◆ Task input:

lemma bounded_linear_norm_bound_of_ball:
  assumes lin: "bounded_linear T" and "r > 0"
    and bound: "\<And>y. y \<in> ball x0 r \<Longrightarrow> norm (T y) \<le> k"
  shows "norm (T x) \<le> (4 * k / r) * norm x"
proof (cases "x = 0")
  case True then show ?thesis using linear_0[OF bounded_linear.linear[OF lin]] by simp
next
  case False
  have small: "norm (T y) \<le> 2 * k" if "norm y < r" for y
  proof -
    have "norm (T (x0 + y)) \<le> k" "norm (T x0) \<le> k"
      using \<open>r > 0\<close> that by (auto intro: bound simp: dist_norm)
    moreover have "T y = T (x0 + y) - T x0" using linear_add[OF bounded_linear.linear[OF lin]] by simp
    ultimately show ?thesis by (metis norm_triangle_ineq4 order_trans add_mono mult_2)
  qed
  define t where "t = r / (2 * norm x)"
  have t: "t > 0" using \<open>r > 0\<close> False by (simp add: t_def)
  have "norm (scaleR t x) < r" using \<open>r > 0\<close> False by (simp add: t_def)
  then have "t * norm (T x) \<le> 2 * k"
    using small t linear_scale[OF bounded_linear.linear[OF lin]] by fastforce
  then have "norm (T x) \<le> 2 * k / t" using t by (simp add: field_simps)
  also have "\<dots> = (4 * k / r) * norm x" using \<open>r > 0\<close> False by (simp add: t_def field_simps)
  finally show ?thesis .
qed

lemma uniform_boundedness:
  fixes T :: "'i \<Rightarrow> 'a::banach \<Rightarrow> 'b::real_normed_vector"
  assumes lin: "\<And>i. bounded_linear (T i)"
    and pointwise: "\<And>x. \<exists>B. \<forall>i. norm (T i x) \<le> B"
  shows "\<exists>K. \<forall>i x. norm (T i x) \<le> K * norm x"
proof -
  define F where "F k = {x. \<forall>i. norm (T i x) \<le> real k}" for k :: nat
  have "closed (F k)" for k
  proof -
    have "F k = (\<Inter>i. {x. norm (T i x) \<le> real k})" unfolding F_def by auto
    moreover have "continuous_on UNIV (T i)" for i
      using lin by (rule linear_continuous_on)
    ultimately show ?thesis
      by (auto intro!: closed_INT closed_Collect_le continuous_intros simp: continuous_on_eq_continuous_at)
  qed
  moreover have "(\<Union>k. F k) = UNIV"
  proof -
    have "x \<in> (\<Union>k. F k)" for x
    proof -
      obtain B where "\<forall>i. norm (T i x) \<le> B" using pointwise by blast
      moreover obtain k :: nat where "B \<le> real k" using real_arch_simple by blast
      ultimately show ?thesis unfolding F_def by (auto intro: order_trans)
    qed
    then show ?thesis by blast
  qed
  ultimately obtain k where "interior (F k) \<noteq> {}"
    by (rule Baire_closed_cover)
  then obtain x0 r where "r > 0" "ball x0 r \<subseteq> F k"
    by (meson ex_in_conv open_contains_ball open_interior interior_subset subset_trans)
  then have "norm (T i x) \<le> (4 * real k / r) * norm x" for i x
    by (intro bounded_linear_norm_bound_of_ball[OF lin]) (auto simp: F_def)
  then show ?thesis by blast
qed

lemma multipliers_UNIV_mult: "m \<in> multipliers UNIV \<Longrightarrow> x * fst m y = snd m x * y"
  by (cases m) (auto simp: multipliers_def)

lemma approx_unit_left_cancel:
  fixes u :: "nat \<Rightarrow> 'a::real_normed_algebra"
  assumes "\<And>x. (\<lambda>n. u n * x) \<longlonglongrightarrow> x" and "\<And>n. u n * a = u n * b"
  shows "a = b"
proof -
  have "(\<lambda>n. u n * a) \<longlonglongrightarrow> b" using assms by simp
  then show ?thesis using assms(1)[of a] LIMSEQ_unique by blast
qed

lemma approx_unit_right_cancel:
  fixes u :: "nat \<Rightarrow> 'a::real_normed_algebra"
  assumes "\<And>x. (\<lambda>n. x * u n) \<longlonglongrightarrow> x" and "\<And>n. a * u n = b * u n"
  shows "a = b"
proof -
  have "(\<lambda>n. a * u n) \<longlonglongrightarrow> b" using assms by simp
  then show ?thesis using assms(1)[of a] LIMSEQ_unique by blast
qed

text \<open>The left action is the pointwise limit of the left multiplications by \<open>snd m (u n)\<close>,
which are uniformly bounded.\<close>

lemma bounded_linear_multiplier:
  fixes u :: "nat \<Rightarrow> 'a::{banach,real_normed_algebra}" and m :: "'a mult"
  assumes au: "\<And>x. (\<lambda>n. u n * x) \<longlonglongrightarrow> x" and m: "m \<in> multipliers UNIV"
  shows "bounded_linear (fst m)"
proof -
  have conv: "(\<lambda>n. snd m (u n) * x) \<longlonglongrightarrow> fst m x" for x
    using au[of "fst m x"] by (simp add: multipliers_UNIV_mult[OF m, symmetric])
  have "\<exists>B. \<forall>n. norm (snd m (u n) * x) \<le> B" for x
    using conv[of x] by (meson BseqE convergentI convergent_imp_Bseq)
  then obtain K where K: "\<And>n x. norm (snd m (u n) * x) \<le> K * norm x"
    using uniform_boundedness[of "\<lambda>n x. snd m (u n) * x"] bounded_linear_mult_right by blast
  show ?thesis
  proof (rule bounded_linear_intro[where K=K])
    show "fst m (x + y) = fst m x + fst m y" for x y
      using approx_unit_left_cancel[OF au] multipliers_UNIV_mult[OF m] by (metis distrib_left)
    show "fst m (scaleR r x) = scaleR r (fst m x)" for r x
      using approx_unit_left_cancel[OF au] multipliers_UNIV_mult[OF m] by (metis mult_scaleR_right)
    show "norm (fst m x) \<le> norm x * K" for x
      using LIMSEQ_le_const2[OF tendsto_norm[OF conv]] K by (metis mult.commute)
  qed
qed

lemma multipliers_UNIV_eqI:
  fixes u :: "nat \<Rightarrow> 'a::real_normed_algebra"
  assumes auL: "\<And>x. (\<lambda>n. u n * x) \<longlonglongrightarrow> x" and auR: "\<And>x. (\<lambda>n. x * u n) \<longlonglongrightarrow> x"
    and m: "m \<in> multipliers UNIV" and m': "m' \<in> multipliers UNIV"
    and agree: "\<And>n. fst m (u n) = fst m' (u n) \<and> snd m (u n) = snd m' (u n)"
  shows "m = m'"
proof -
  have "fst m x = fst m' x" for x
    using approx_unit_left_cancel[OF auL] multipliers_UNIV_mult[OF m] multipliers_UNIV_mult[OF m'] agree
    by metis
  moreover have "snd m x = snd m' x" for x
    using approx_unit_right_cancel[OF auR] multipliers_UNIV_mult[OF m] multipliers_UNIV_mult[OF m'] agree
    by metis
  ultimately show ?thesis by (simp add: prod_eq_iff fun_eq_iff)
qed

◆ What needs to be done: Repeat each line of the data exactly as it appears above.

◆ Response to the exercise:
lemma bounded_linear_norm_bound_of_ball:
  assumes lin: "bounded_linear T" and "r > 0"
    and bound: "\<And>y. y \<in> ball x0 r \<Longrightarrow> norm (T y) \<le> k"
  shows "norm (T x) \<le> (4 * k / r) * norm x"
proof (cases "x = 0")
  case True then show ?thesis using linear_0[OF bounded_linear.linear[OF lin]] by simp
next
  case False
  have small: "norm (T y) \<le> 2 * k" if "norm y < r" for y
  proof -
    have "norm (T (x0 + y)) \<le> k" "norm (T x0) \<le> k"
      using \<open>r > 0\<close> that by (auto intro: bound simp: dist_norm)
    moreover have "T y = T (x0 + y) - T x0" using linear_add[OF bounded_linear.linear[OF lin]] by simp
    ultimately show ?thesis by (metis norm_triangle_ineq4 order_trans add_mono mult_2)
  qed
  define t where "t = r / (2 * norm x)"
  have t: "t > 0" using \<open>r > 0\<close> False by (simp add: t_def)
  have "norm (scaleR t x) < r" using \<open>r > 0\<close> False by (simp add: t_def)
  then have "t * norm (T x) \<le> 2 * k"
    using small t linear_scale[OF bounded_linear.linear[OF lin]] by fastforce
  then have "norm (T x) \<le> 2 * k / t" using t by (simp add: field_simps)
  also have "\<dots> = (4 * k / r) * norm x" using \<open>r > 0\<close> False by (simp add: t_def field_simps)
  finally show ?thesis .
qed

lemma uniform_boundedness:
  fixes T :: "'i \<Rightarrow> 'a::banach \<Rightarrow> 'b::real_normed_vector"
  assumes lin: "\<And>i. bounded_linear (T i)"
    and pointwise: "\<And>x. \<exists>B. \<forall>i. norm (T i x) \<le> B"
  shows "\<exists>K. \<forall>i x. norm (T i x) \<le> K * norm x"
proof -
  define F where "F k = {x. \<forall>i. norm (T i x) \<le> real k}" for k :: nat
  have "closed (F k)" for k
  proof -
    have "F k = (\<Inter>i. {x. norm (T i x) \<le> real k})" unfolding F_def by auto
    moreover have "continuous_on UNIV (T i)" for i
      using lin by (rule linear_continuous_on)
    ultimately show ?thesis
      by (auto intro!: closed_INT closed_Collect_le continuous_intros simp: continuous_on_eq_continuous_at)
  qed
  moreover have "(\<Union>k. F k) = UNIV"
  proof -
    have "x \<in> (\<Union>k. F k)" for x
    proof -
      obtain B where "\<forall>i. norm (T i x) \<le> B" using pointwise by blast
      moreover obtain k :: nat where "B \<le> real k" using real_arch_simple by blast
      ultimately show ?thesis unfolding F_def by (auto intro: order_trans)
    qed
    then show ?thesis by blast
  qed
  ultimately obtain k where "interior (F k) \<noteq> {}"
    by (rule Baire_closed_cover)
  then obtain x0 r where "r > 0" "ball x0 r \<subseteq> F k"
    by (meson ex_in_conv open_contains_ball open_interior interior_subset subset_trans)
  then have "norm (T i x) \<le> (4 * real k / r) * norm x" for i x
    by (intro bounded_linear_norm_bound_of_ball[OF lin]) (auto simp: F_def)
  then show ?thesis by blast
qed

lemma multipliers_UNIV_mult: "m \<in> multipliers UNIV \<Longrightarrow> x * fst m y = snd m x * y"
  by (cases m) (auto simp: multipliers_def)

lemma approx_unit_left_cancel:
  fixes u :: "nat \<Rightarrow> 'a::real_normed_algebra"
  assumes "\<And>x. (\<lambda>n. u n * x) \<longlonglongrightarrow> x" and "\<And>n. u n * a = u n * b"
  shows "a = b"
proof -
  have "(\<lambda>n. u n * a) \<longlonglongrightarrow> b" using assms by simp
  then show ?thesis using assms(1)[of a] LIMSEQ_unique by blast
qed

lemma approx_unit_right_cancel:
  fixes u :: "nat \<Rightarrow> 'a::real_normed_algebra"
  assumes "\<And>x. (\<lambda>n. x * u n) \<longlonglongrightarrow> x" and "\<And>n. a * u n = b * u n"
  shows "a = b"
proof -
  have "(\<lambda>n. a * u n) \<longlonglongrightarrow> b" using assms by simp
  then show ?thesis using assms(1)[of a] LIMSEQ_unique by blast
qed

text \<open>The left action is the pointwise limit of the left multiplications by \<open>snd m (u n)\<close>,
which are uniformly bounded.\<close>

lemma bounded_linear_multiplier:
  fixes u :: "nat \<Rightarrow> 'a::{banach,real_normed_algebra}" and m :: "'a mult"
  assumes au: "\<And>x. (\<lambda>n. u n * x) \<longlonglongrightarrow> x" and m: "m \<in> multipliers UNIV"
  shows "bounded_linear (fst m)"
proof -
  have conv: "(\<lambda>n. snd m (u n) * x) \<longlonglongrightarrow> fst m x" for x
    using au[of "fst m x"] by (simp add: multipliers_UNIV_mult[OF m, symmetric])
  have "\<exists>B. \<forall>n. norm (snd m (u n) * x) \<le> B" for x
    using conv[of x] by (meson BseqE convergentI convergent_imp_Bseq)
  then obtain K where K: "\<And>n x. norm (snd m (u n) * x) \<le> K * norm x"
    using uniform_boundedness[of "\<lambda>n x. snd m (u n) * x"] bounded_linear_mult_right by blast
  show ?thesis
  proof (rule bounded_linear_intro[where K=K])
    show "fst m (x + y) = fst m x + fst m y" for x y
      using approx_unit_left_cancel[OF au] multipliers_UNIV_mult[OF m] by (metis distrib_left)
    show "fst m (scaleR r x) = scaleR r (fst m x)" for r x
      using approx_unit_left_cancel[OF au] multipliers_UNIV_mult[OF m] by (metis mult_scaleR_right)
    show "norm (fst m x) \<le> norm x * K" for x
      using LIMSEQ_le_const2[OF tendsto_norm[OF conv]] K by (metis mult.commute)
  qed
qed

lemma multipliers_UNIV_eqI:
  fixes u :: "nat \<Rightarrow> 'a::real_normed_algebra"
  assumes auL: "\<And>x. (\<lambda>n. u n * x) \<longlonglongrightarrow> x" and auR: "\<And>x. (\<lambda>n. x * u n) \<longlonglongrightarrow> x"
    and m: "m \<in> multipliers UNIV" and m': "m' \<in> multipliers UNIV"
    and agree: "\<And>n. fst m (u n) = fst m' (u n) \<and> snd m (u n) = snd m' (u n)"
  shows "m = m'"
proof -
  have "fst m x = fst m' x" for x
    using approx_unit_left_cancel[OF auL] multipliers_UNIV_mult[OF m] multipliers_UNIV_mult[OF m'] agree
    by metis
  moreover have "snd m x = snd m' x" for x
    using approx_unit_right_cancel[OF auR] multipliers_UNIV_mult[OF m] multipliers_UNIV_mult[OF m'] agree
    by metis
  ultimately show ?thesis by (simp add: prod_eq_iff fun_eq_iff)
qed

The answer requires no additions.